Rio Tinto Ltd yesterday said that it had found several cases where Australia’s biggest mining industry body advocated for thermal coal in contravention of 2015 Paris climate goals, as it released a review of its membership in industry groups.
Rio Tinto in April last year laid out its expectations for the industry associations that it funds to ensure that their policy on climate change and energy advocacy was consistent with the miner’s own, as well as the Paris Agreement, which aims to limit global warming to “well below” 2°C.
Where there was a lack of cooperation on advocating for those policies, Rio would reconsider its support and its membership of the groups, it said in an updated review released overnight.
The miner said that several advocacy “misalignments” by the Minerals Council of Australia (MCA), for which it is a major funder, paying US$2.1 million each year, but said that the breaches were minor and it would maintain its membership.
“This includes instances of public commentary and advocacy on thermal coal and decarbonization that is not technology neutral and is inconsistent with the goals of the Paris Agreement,” Rio Tinto said.
The group supports continued action on climate change, Australia’s participation in the Paris Agreement and a transformation to a low emissions global economy, council CEO Tania Constable said.
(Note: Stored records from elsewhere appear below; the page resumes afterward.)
lemma no_descent_region_Lam: "no_descent_region q \<subseteq> Lam d n"
  and no_descent_region_above: "u \<in> no_descent_region q \<Longrightarrow> hd x \<le> hd u"
  unfolding no_descent_region_def by blast+

lemma mirror_in_no_descent_region: "u \<in> no_descent_region q \<Longrightarrow> mirror u \<in> no_descent_region q"
  using no_descent_region_closed no_descent_region_Lam mirror_in_Lam unfolding link_def by blast

lemma pi0_image_no_descent_region:
  assumes \<pi>: "\<pi> \<in> Sg"
  shows "pi0 \<pi> y ` no_descent_region (pi0 \<pi> y) = no_descent_region (pi0 \<pi> y)"
    (is "?p ` ?R = ?R")
proof
  show "?p ` ?R \<subseteq> ?R"
  proof
    fix w assume "w \<in> ?p ` ?R"
    then obtain u where u: "u \<in> ?R" "w = ?p u" by auto
    then have "(u, ?p u) \<in> link ?p" using no_descent_region_Lam pi0_in_Lam[OF \<pi>] unfolding link_def by auto
    then show "w \<in> ?R" using no_descent_region_closed u by blast
  qed
  show "?R \<subseteq> ?p ` ?R"
  proof
    fix u assume u: "u \<in> ?R"
    obtain w where w: "w \<in> Lam d n" "?p w = u" using pi0_preimage_in_Lam[OF \<pi>] u no_descent_region_Lam by blast
    then have "(u, w) \<in> link ?p" using u no_descent_region_Lam unfolding link_def by auto
    then have "w \<in> ?R" using no_descent_region_closed u by blast
    then show "u \<in> ?p ` ?R" using w by auto
  qed
qed

lemma regen_if_no_descent:
  assumes \<pi>: "\<pi> \<in> Sg" and pre: "prereg d n g x"
    and no_descent: "\<forall>u\<in>Cone d n x. \<not> descends (pi0 \<pi> y) u (hd u - hd x + 1)"
  shows "regen d n A y \<pi> x"
proof -
  let ?R = "no_descent_region (pi0 \<pi> y)"
  have "Cone d n x \<subseteq> ?R"
  proof
    fix u assume u: "u \<in> Cone d n x"
    have "\<forall>t. (u, t) \<in> (link (pi0 \<pi> y))\<^sup>* \<longrightarrow> hd x \<le> hd t"
      using no_descent u unfolding descends_def by force
    then show "u \<in> ?R" using Cone_above[OF u] unfolding no_descent_region_def by simp
  qed
  then have "strictly_adm d n x ?R"
    unfolding strictly_adm_def adm_def weakly_adm_def Cone_def by (auto simp: tdist_self)
  moreover have "?R \<subseteq> A" using above_x_in_A no_descent_region_Lam no_descent_region_above by blast
  moreover have "prereg d n (gam \<pi> y) x" using pre gam_Sg[OF \<pi>] by simp
  ultimately show ?thesis
    unfolding regen_def using no_descent_region_above mirror_in_no_descent_region
      pi0_image_no_descent_region[OF \<pi>] by blast
qed

definition fixing where "fixing F = {\<pi> \<in> Sg. \<forall>v\<in>F. \<pi> v = v}"

definition mass where "mass \<alpha> F = (\<Sum>\<pi>\<in>fixing F. wt \<alpha> \<pi>)"

definition descent_mass where
  "descent_mass \<alpha> F u k = (\<Sum>\<pi>\<in>{\<pi>\<in>fixing F. descends (pi0 \<pi> y) u k}. wt \<alpha> \<pi>)"

lemma finite_fixing: "finite (fixing F)"
  using finite_Sg unfolding fixing_def by auto

lemma mass_nonneg: "mass \<alpha> F \<ge> 0"
  unfolding mass_def using wt_nonneg by (simp add: sum_nonneg)

lemma descent_mass_nonneg: "descent_mass \<alpha> F u k \<ge> 0"
  unfolding descent_mass_def using wt_nonneg by (simp add: sum_nonneg)

lemma descent_mass_le_mass: "descent_mass \<alpha> F u k \<le> mass \<alpha> F"
  unfolding descent_mass_def mass_def using finite_fixing wt_nonneg by (intro sum_mono2) auto

lemma mass_antimono: "mass \<alpha> (F \<union> G) \<le> mass \<alpha> F"
  unfolding mass_def using finite_fixing wt_nonneg by (intro sum_mono2) (auto simp: fixing_def)

lemma link_remove_cycle:
  assumes "(w, w') \<in> link q" and "w' \<notin> C" and "q ` C \<subseteq> C"
  shows "(w, w') \<in> link (remove_cycle C q)"
  using assms unfolding link_def remove_cycle_def by auto

text \<open>Once a link path from C \<union> mirror ` C has left that set, it no longer uses the
q-invariant set C, so it is also a path for the map with C removed.\<close>

lemma link_path_split:
  assumes inv: "q ` C \<subseteq> C" and path: "(a, t) \<in> (link q)\<^sup>*" and a: "a \<in> C \<union> mirror ` C"
  shows "t \<in> C \<union> mirror ` C \<or> (\<exists>v \<in> C \<union> mirror ` C. (v, t) \<in> (link (remove_cycle C q))\<^sup>*)"
  using path
proof (induction rule: rtrancl_induct)
  case (step w w')
  show ?case
  proof (cases "w' \<in> C \<union> mirror ` C")
    case False
    then have "(w, w') \<in> link (remove_cycle C q)" using link_remove_cycle[OF step.hyps(2) _ inv] by simp
    then show ?thesis using step.IH by (meson rtrancl.rtrancl_into_rtrancl r_into_rtrancl)
  qed simp
qed (use a in simp)

lemma link_closure_of_fixed_pair:
  assumes inj: "inj q" and u: "u \<in> Lam d n" and f1: "q u = u" and f2: "q (mirror u) = mirror u"
    and path: "(u, t) \<in> (link q)\<^sup>*"
  shows "t \<in> {u, mirror u}"
  using path
proof (induction rule: rtrancl_induct)
  case base then show ?case by simp
next
  case (step w w')
  have w'L: "w' \<in> Lam d n" using link_in_Lam[OF step.hyps(2)] by auto
  have s: "w' = q w \<or> w = q w' \<or> w' = mirror w \<or> w = mirror w'" using step.hyps(2) unfolding link_def by auto
  have qw: "q w = w" using step.IH f1 f2 by auto
  have rr: "mirror (mirror u) = u" using mirror_mirror[OF u] .
  show ?case
  proof -
    { assume "w' = q w" then have ?case using qw step.IH by simp }
    moreover { assume "w = q w'" then have "q w' = q w" using qw by simp
      then have "w' = w" using inj by (simp add: inj_eq)
      then have ?case using step.IH by simp }
    moreover { assume "w' = mirror w" then have ?case using step.IH rr by auto }
    moreover { assume "w = mirror w'" then have "w' = mirror w" using mirror_mirror[OF w'L] by simp
      then have ?case using step.IH rr by auto }
    ultimately show ?case using s by blast
  qed
qed

lemma remove_cycle_in_Sg:
  assumes \<pi>: "\<pi> \<in> Sg" and C_A: "C \<subseteq> A" and C_g: "C \<inter> set g = {}" and \<pi>C: "\<pi> ` C = C"
  shows "remove_cycle C \<pi> \<in> Sg"
proof -
  interpret Sfix_map d n A y z_end \<pi> using Sg_Sfix_map[OF \<pi>] .
  have "z_end \<in> set g" using g_nonempty unfolding z_end_def by simp
  moreover have "y \<in> set g" using g_nonempty hd_g by (metis hd_in_set)
  ultimately have "C \<subseteq> A - {z_end}" "C \<subseteq> A - {y}" using C_A C_g by auto
  then show ?thesis
    using remove_cycle_in_Sfix \<pi>C gam_remove_cycle C_g gam_Sg[OF \<pi>] mem_Sg_iff by simp
qed

lemma pi0_remove_cycle:
  assumes \<pi>: "\<pi> \<in> Sg" and "C \<subseteq> A" and C_g: "C \<inter> set g = {}" and "\<pi> ` C = C"
  shows "pi0 (remove_cycle C \<pi>) y = remove_cycle C (pi0 \<pi> y)"
  using gam_Sg[OF remove_cycle_in_Sg[OF assms]] gam_Sg[OF \<pi>] C_g
  unfolding pi0_def remove_cycle_def by (intro ext) auto

lemma wt_remove_cycle:
  assumes \<pi>: "\<pi> \<in> Sg" and C_A: "C \<subseteq> A" and moved: "\<forall>v\<in>C. \<pi> v \<noteq> v"
  shows "wt \<alpha> \<pi> = exp (- \<alpha> * real (card C)) * wt \<alpha> (remove_cycle C \<pi>)"
proof -
  interpret Sfix_map d n A y z_end \<pi> using Sg_Sfix_map[OF \<pi>] .
  let ?M = "{u. \<pi> u \<noteq> u}" and ?M' = "{u. remove_cycle C \<pi> u \<noteq> u}"
  have "finite ?M" using fixes_outside finite_A finite_subset[of ?M A] by blast
  moreover have split: "?M = ?M' \<union> C" "?M' \<inter> C = {}"
    using moved unfolding remove_cycle_def by auto
  moreover have "finite C" using C_A finite_A finite_subset by blast
  ultimately have "card ?M = card ?M' + card C" by (simp add: card_Un_disjoint)
  then show ?thesis unfolding wt_def by (simp add: algebra_simps exp_add[symmetric])
qed

lemma cycle_of_pi0:
  assumes \<pi>: "\<pi> \<in> Sg" and moved: "pi0 \<pi> y c \<noteq> c"
  defines "cs \<equiv> cycle_list (pi0 \<pi> y) c"
  shows "cs \<noteq> [] \<and> cs ! 0 = c \<and> distinct cs \<and> set cs \<subseteq> A \<and> set cs \<inter> set g = {} \<and>
         \<pi> ` set cs = set cs \<and> (\<forall>v\<in>set cs. \<pi> v \<noteq> v) \<and> set cs \<subseteq> Lam d n \<and>
         (\<forall>i < length cs. \<pi> (cs ! i) = cs ! ((i + 1) mod length cs)) \<and>
         (\<forall>i. Suc i < length cs \<longrightarrow> nbr d n (cs ! i) (cs ! Suc i)) \<and>
         pi0 \<pi> y ` set cs \<subseteq> set cs"
proof -
  interpret Sfix_map d n A y z_end \<pi> using Sg_Sfix_map[OF \<pi>] .
  interpret cyc: periodic_point p c
    using pi0_periodic[OF distinct_gam_Sg[OF \<pi>] moved] moved by unfold_locales blast
  have len: "length cs = cyc.period" and dist: "distinct cs" and image: "p ` set cs = set cs"
    and step: "\<And>i. i < length cs \<Longrightarrow> p (cs ! i) = cs ! ((i + 1) mod length cs)"
    using cyc.length_cycle_list cyc.distinct_cycle_list cyc.image_cycle_list cyc.cycle_list_step
    unfolding cs_def by auto
  have first: "cs \<noteq> [] \<and> cs ! 0 = c" using len cyc.period_pos cyc.nth_cycle_list[of 0] unfolding cs_def by auto
  have mv: "v \<in> A \<and> v \<notin> set g \<and> p v = \<pi> v \<and> nbr d n v (p v)" if "v \<in> set cs" for v
    using pi0_moved cyc.cycle_list_moved that gam_Sg[OF \<pi>] unfolding cs_def by metis
  have "\<pi> ` set cs = set cs" using image mv by (metis (no_types, lifting) image_cong)
  moreover have "\<forall>i < length cs. \<pi> (cs ! i) = cs ! ((i + 1) mod length cs)"
    using step mv by (metis nth_mem)
  moreover have "\<forall>i. Suc i < length cs \<longrightarrow> nbr d n (cs ! i) (cs ! Suc i)"
    using step mv by (metis Suc_eq_plus1 Suc_lessD mod_less nth_mem)
  moreover have "set cs \<subseteq> A" "set cs \<inter> set g = {}" "\<forall>v\<in>set cs. \<pi> v \<noteq> v"
    using mv cyc.cycle_list_moved unfolding cs_def by auto
  ultimately show ?thesis using first dist image A_sub_Lam by blast
qed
The review comes as investors ramp up pressure on major carbon-linked companies to drop support for thermal, or energy coal, which can be substituted for renewable energy, if the world is to meet the Paris climate accord goals.
While Rio sold off its coal assets for billions over 2017 to 2018, it is the world’s largest producer of iron ore, a key raw material for the steel industry, one of the world’s biggest emitters.
Rio said it also found MCA had made statements that were not endorsed by its board or members.
“This includes defense of future demand for thermal coal and advocacy that was inconsistent with goals of the Paris Agreement,” the miner said in the report.
MCA has agreed to improve its governance and processes around advocacy, Rio said.